What needs to be done
Where does the word "length" show up in the records? Copy every line that has it.

Material supplied

(* For every graph $G$ and every tree $F$, $\chi_c^{\bullet}(G\,\square\, F)\leq \chi_c^{\bullet}(G)+1$, where $\square$ denotes the Cartesian product of graphs.
   Context: All graphs are finite and simple. A correspondence-cover of a graph $G$ is a pair $(L,H)$ where $H$ is a graph and $L$ maps each $v\in V(G)$ to a subset $L(v)\subseteq V(H)$ such that: the sets $L(v)$ partition $V(H)$; each $L(v)$ induces a clique in $H$; if $uv\notin E(G)$ there are no edges of $H$ between $L(u)$ and $L(v)$; if $uv\in E(G)$ the edges of $H$ between $L(u)$ and $L(v)$ form a matching. The cover is $k$-fold if $|L(v)|=k$ for all $v$. An independent transversal is an independent set of $H$ containing exactly one vertex of each $L(v)$. A cover has a fractional packing if there is a probability distribution on independent transversals $I$ with $\Pr(x\in I)=1/|L(v)|$ for all $v$ and $x\in L(v)$. $\chi_c^{\bullet}(G)$ is the least $k\ge1$ such that every $k$-fold correspondence-cover of $G$ has a fractional packing. *)

theory Defs
  imports "HOL-Probability.Probability"
begin

definition graph :: "'a set \<Rightarrow> ('a \<Rightarrow> 'a \<Rightarrow> bool) \<Rightarrow> bool" where
  "graph V E \<longleftrightarrow> finite V \<and> (\<forall>u v. E u v \<longrightarrow> u \<in> V \<and> v \<in> V)
      \<and> (\<forall>u v. E u v \<longrightarrow> E v u) \<and> (\<forall>v. \<not> E v v)"

definition connected_graph :: "'a set \<Rightarrow> ('a \<Rightarrow> 'a \<Rightarrow> bool) \<Rightarrow> bool" where
  "connected_graph V E \<longleftrightarrow> (\<forall>u\<in>V. \<forall>v\<in>V. E\<^sup>*\<^sup>* u v)"

definition is_cycle :: "'a set \<Rightarrow> ('a \<Rightarrow> 'a \<Rightarrow> bool) \<Rightarrow> 'a list \<Rightarrow> bool" where
  "is_cycle V E cs \<longleftrightarrow> length cs \<ge> 3 \<and> distinct cs \<and> set cs \<subseteq> V
      \<and> (\<forall>i. Suc i < length cs \<longrightarrow> E (cs ! i) (cs ! Suc i))
      \<and> E (last cs) (hd cs)"

definition tree :: "'a set \<Rightarrow> ('a \<Rightarrow> 'a \<Rightarrow> bool) \<Rightarrow> bool" where
  "tree V E \<longleftrightarrow> graph V E \<and> V \<noteq> {} \<and> connected_graph V E \<and> (\<nexists>cs. is_cycle V E cs)"

definition cart_prod_edges ::
  "('a \<Rightarrow> 'a \<Rightarrow> bool) \<Rightarrow> ('c \<Rightarrow> 'c \<Rightarrow> bool) \<Rightarrow> ('a \<times> 'c) \<Rightarrow> ('a \<times> 'c) \<Rightarrow> bool" where
  "cart_prod_edges E F p q \<longleftrightarrow>
     (fst p = fst q \<and> F (snd p) (snd q)) \<or> (snd p = snd q \<and> E (fst p) (fst q))"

Expected answer
  "is_cycle V E cs \<longleftrightarrow> length cs \<ge> 3 \<and> distinct cs \<and> set cs \<subseteq> V
      \<and> (\<forall>i. Suc i < length cs \<longrightarrow> E (cs ! i) (cs ! Suc i))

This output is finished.